▶ _TASK BRIEF_: Could you filter the data below down to the lines that hold the word "bexI"?

[Records from a data collection]
*****

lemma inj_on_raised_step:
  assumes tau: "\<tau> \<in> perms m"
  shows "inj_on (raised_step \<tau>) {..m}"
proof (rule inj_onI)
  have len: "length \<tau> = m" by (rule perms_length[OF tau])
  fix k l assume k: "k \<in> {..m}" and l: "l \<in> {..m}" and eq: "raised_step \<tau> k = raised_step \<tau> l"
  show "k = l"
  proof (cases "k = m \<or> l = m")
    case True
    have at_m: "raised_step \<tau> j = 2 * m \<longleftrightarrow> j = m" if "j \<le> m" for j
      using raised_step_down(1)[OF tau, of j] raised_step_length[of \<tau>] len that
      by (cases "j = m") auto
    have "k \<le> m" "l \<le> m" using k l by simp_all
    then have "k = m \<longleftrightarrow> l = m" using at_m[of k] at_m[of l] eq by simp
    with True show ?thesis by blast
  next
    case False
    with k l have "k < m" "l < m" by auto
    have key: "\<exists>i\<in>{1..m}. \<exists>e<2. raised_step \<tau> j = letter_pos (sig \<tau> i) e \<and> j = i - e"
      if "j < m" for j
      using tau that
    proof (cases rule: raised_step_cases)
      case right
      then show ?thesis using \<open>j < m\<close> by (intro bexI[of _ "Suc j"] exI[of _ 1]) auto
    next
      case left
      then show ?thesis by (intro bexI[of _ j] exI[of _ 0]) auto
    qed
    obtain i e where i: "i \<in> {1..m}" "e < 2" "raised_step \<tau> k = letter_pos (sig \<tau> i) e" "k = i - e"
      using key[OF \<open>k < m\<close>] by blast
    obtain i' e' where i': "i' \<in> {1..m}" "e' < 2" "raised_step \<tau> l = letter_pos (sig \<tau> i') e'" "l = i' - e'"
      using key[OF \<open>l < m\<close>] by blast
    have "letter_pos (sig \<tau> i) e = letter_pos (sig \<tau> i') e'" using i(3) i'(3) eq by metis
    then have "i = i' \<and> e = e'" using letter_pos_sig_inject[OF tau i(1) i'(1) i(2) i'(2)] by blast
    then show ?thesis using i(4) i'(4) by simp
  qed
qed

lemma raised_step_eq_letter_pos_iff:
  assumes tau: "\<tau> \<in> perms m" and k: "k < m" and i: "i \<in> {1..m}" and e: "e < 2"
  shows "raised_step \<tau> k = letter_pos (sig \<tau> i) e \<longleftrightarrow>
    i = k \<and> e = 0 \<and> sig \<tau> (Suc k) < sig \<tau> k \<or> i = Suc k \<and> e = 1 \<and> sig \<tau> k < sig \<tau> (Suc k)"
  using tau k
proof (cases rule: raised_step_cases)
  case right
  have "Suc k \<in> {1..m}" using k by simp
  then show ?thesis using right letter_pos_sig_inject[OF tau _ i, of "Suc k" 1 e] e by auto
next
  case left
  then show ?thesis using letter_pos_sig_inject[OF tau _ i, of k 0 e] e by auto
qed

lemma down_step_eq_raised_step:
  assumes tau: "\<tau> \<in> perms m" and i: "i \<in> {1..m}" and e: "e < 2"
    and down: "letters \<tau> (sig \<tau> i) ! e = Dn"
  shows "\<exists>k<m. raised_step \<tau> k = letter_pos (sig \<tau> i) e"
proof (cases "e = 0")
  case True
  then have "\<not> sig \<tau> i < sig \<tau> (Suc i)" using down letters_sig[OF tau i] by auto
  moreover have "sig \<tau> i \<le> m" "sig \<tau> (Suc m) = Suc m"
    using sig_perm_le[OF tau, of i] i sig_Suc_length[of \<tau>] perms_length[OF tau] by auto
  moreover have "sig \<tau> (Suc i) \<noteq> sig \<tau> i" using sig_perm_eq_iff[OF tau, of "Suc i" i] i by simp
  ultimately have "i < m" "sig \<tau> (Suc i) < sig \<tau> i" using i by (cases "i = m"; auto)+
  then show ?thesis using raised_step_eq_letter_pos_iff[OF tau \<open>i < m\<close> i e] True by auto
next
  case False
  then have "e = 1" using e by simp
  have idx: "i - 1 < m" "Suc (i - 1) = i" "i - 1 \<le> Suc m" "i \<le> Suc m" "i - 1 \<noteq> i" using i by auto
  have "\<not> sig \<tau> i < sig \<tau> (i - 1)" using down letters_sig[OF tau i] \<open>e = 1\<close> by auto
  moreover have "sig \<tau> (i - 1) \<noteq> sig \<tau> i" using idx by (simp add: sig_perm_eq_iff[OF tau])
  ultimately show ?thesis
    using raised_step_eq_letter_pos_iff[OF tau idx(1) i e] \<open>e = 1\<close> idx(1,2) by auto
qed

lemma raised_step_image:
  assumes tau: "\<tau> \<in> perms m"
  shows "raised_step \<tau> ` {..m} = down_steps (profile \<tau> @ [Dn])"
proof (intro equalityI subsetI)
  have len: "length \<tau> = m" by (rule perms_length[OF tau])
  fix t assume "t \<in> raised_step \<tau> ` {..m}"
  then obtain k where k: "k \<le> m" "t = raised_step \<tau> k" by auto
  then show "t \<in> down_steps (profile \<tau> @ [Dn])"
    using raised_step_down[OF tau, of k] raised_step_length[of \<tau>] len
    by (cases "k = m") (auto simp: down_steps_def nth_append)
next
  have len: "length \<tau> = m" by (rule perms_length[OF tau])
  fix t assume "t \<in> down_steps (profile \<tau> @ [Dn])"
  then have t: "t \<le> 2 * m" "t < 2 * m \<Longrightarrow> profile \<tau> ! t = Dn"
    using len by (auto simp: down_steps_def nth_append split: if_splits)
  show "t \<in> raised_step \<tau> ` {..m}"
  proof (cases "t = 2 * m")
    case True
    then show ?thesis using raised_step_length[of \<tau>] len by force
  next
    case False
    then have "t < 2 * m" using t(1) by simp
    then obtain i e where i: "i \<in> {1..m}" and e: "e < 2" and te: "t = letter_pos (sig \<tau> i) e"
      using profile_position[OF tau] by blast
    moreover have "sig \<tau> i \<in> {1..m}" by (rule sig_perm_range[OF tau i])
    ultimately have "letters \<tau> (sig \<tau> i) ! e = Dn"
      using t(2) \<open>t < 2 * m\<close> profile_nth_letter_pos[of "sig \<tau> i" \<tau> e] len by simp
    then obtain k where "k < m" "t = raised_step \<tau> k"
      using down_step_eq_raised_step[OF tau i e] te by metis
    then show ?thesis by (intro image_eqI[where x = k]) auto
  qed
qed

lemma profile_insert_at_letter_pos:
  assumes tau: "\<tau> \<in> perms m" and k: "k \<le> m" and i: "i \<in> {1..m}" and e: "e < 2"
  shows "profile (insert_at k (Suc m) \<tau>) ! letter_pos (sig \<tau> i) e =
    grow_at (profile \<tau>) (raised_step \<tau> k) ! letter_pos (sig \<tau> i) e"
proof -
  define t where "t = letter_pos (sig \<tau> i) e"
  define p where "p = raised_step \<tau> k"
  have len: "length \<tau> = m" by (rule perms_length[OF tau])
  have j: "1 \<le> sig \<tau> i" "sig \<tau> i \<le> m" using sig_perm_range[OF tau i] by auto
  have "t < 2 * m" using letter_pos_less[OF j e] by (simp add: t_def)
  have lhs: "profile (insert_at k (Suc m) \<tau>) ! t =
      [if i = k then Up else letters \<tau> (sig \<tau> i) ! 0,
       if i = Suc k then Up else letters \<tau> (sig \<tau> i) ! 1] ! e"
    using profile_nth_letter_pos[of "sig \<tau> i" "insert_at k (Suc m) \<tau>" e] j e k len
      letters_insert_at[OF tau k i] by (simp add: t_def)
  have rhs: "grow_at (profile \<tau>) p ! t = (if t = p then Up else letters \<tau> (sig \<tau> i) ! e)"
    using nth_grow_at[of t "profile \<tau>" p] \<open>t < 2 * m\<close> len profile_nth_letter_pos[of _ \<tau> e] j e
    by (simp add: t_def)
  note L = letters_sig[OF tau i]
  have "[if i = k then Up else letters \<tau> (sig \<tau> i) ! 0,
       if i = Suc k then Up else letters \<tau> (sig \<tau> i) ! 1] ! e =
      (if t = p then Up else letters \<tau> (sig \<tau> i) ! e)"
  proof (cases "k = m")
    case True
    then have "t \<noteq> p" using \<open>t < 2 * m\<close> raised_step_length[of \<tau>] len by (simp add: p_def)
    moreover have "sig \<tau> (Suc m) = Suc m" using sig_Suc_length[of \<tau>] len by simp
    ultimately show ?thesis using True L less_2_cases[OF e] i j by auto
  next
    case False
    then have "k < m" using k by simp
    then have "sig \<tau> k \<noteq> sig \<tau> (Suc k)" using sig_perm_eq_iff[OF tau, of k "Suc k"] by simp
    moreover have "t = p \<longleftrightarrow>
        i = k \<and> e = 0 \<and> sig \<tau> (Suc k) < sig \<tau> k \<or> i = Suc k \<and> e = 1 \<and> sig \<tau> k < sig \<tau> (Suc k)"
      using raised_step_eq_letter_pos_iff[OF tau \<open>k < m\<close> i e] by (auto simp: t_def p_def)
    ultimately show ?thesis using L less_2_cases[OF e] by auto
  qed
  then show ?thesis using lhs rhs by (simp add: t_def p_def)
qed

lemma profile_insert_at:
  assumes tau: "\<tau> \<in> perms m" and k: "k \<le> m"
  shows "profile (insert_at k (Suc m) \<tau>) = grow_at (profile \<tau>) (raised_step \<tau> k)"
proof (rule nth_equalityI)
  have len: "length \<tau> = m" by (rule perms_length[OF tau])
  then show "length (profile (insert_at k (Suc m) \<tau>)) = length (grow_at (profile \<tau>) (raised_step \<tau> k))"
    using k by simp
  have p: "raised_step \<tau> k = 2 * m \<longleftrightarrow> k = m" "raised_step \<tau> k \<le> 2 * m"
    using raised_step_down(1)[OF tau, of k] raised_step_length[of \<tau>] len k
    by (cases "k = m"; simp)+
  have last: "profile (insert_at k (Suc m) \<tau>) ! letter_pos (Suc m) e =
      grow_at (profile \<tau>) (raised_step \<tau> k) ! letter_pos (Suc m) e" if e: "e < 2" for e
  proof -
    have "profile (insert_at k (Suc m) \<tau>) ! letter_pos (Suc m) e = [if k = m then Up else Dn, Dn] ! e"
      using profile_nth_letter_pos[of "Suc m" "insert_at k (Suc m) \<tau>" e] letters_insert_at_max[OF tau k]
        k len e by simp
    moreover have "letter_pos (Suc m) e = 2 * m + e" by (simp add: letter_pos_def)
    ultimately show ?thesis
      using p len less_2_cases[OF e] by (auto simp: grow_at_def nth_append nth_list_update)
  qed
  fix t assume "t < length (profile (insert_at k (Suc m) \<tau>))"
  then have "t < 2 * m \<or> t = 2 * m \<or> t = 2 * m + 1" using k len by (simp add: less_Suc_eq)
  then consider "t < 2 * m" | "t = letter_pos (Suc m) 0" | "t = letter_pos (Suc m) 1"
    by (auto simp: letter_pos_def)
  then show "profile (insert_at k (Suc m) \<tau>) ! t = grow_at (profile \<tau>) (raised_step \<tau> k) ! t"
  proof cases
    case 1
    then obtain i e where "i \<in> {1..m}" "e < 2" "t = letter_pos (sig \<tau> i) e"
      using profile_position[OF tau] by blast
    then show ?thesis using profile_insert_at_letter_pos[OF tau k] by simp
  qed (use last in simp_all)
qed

*****

▶ _REPLY TO THE TASK_:
      then show ?thesis using \<open>j < m\<close> by (intro bexI[of _ "Suc j"] exI[of _ 1]) auto
      then show ?thesis by (intro bexI[of _ j] exI[of _ 0]) auto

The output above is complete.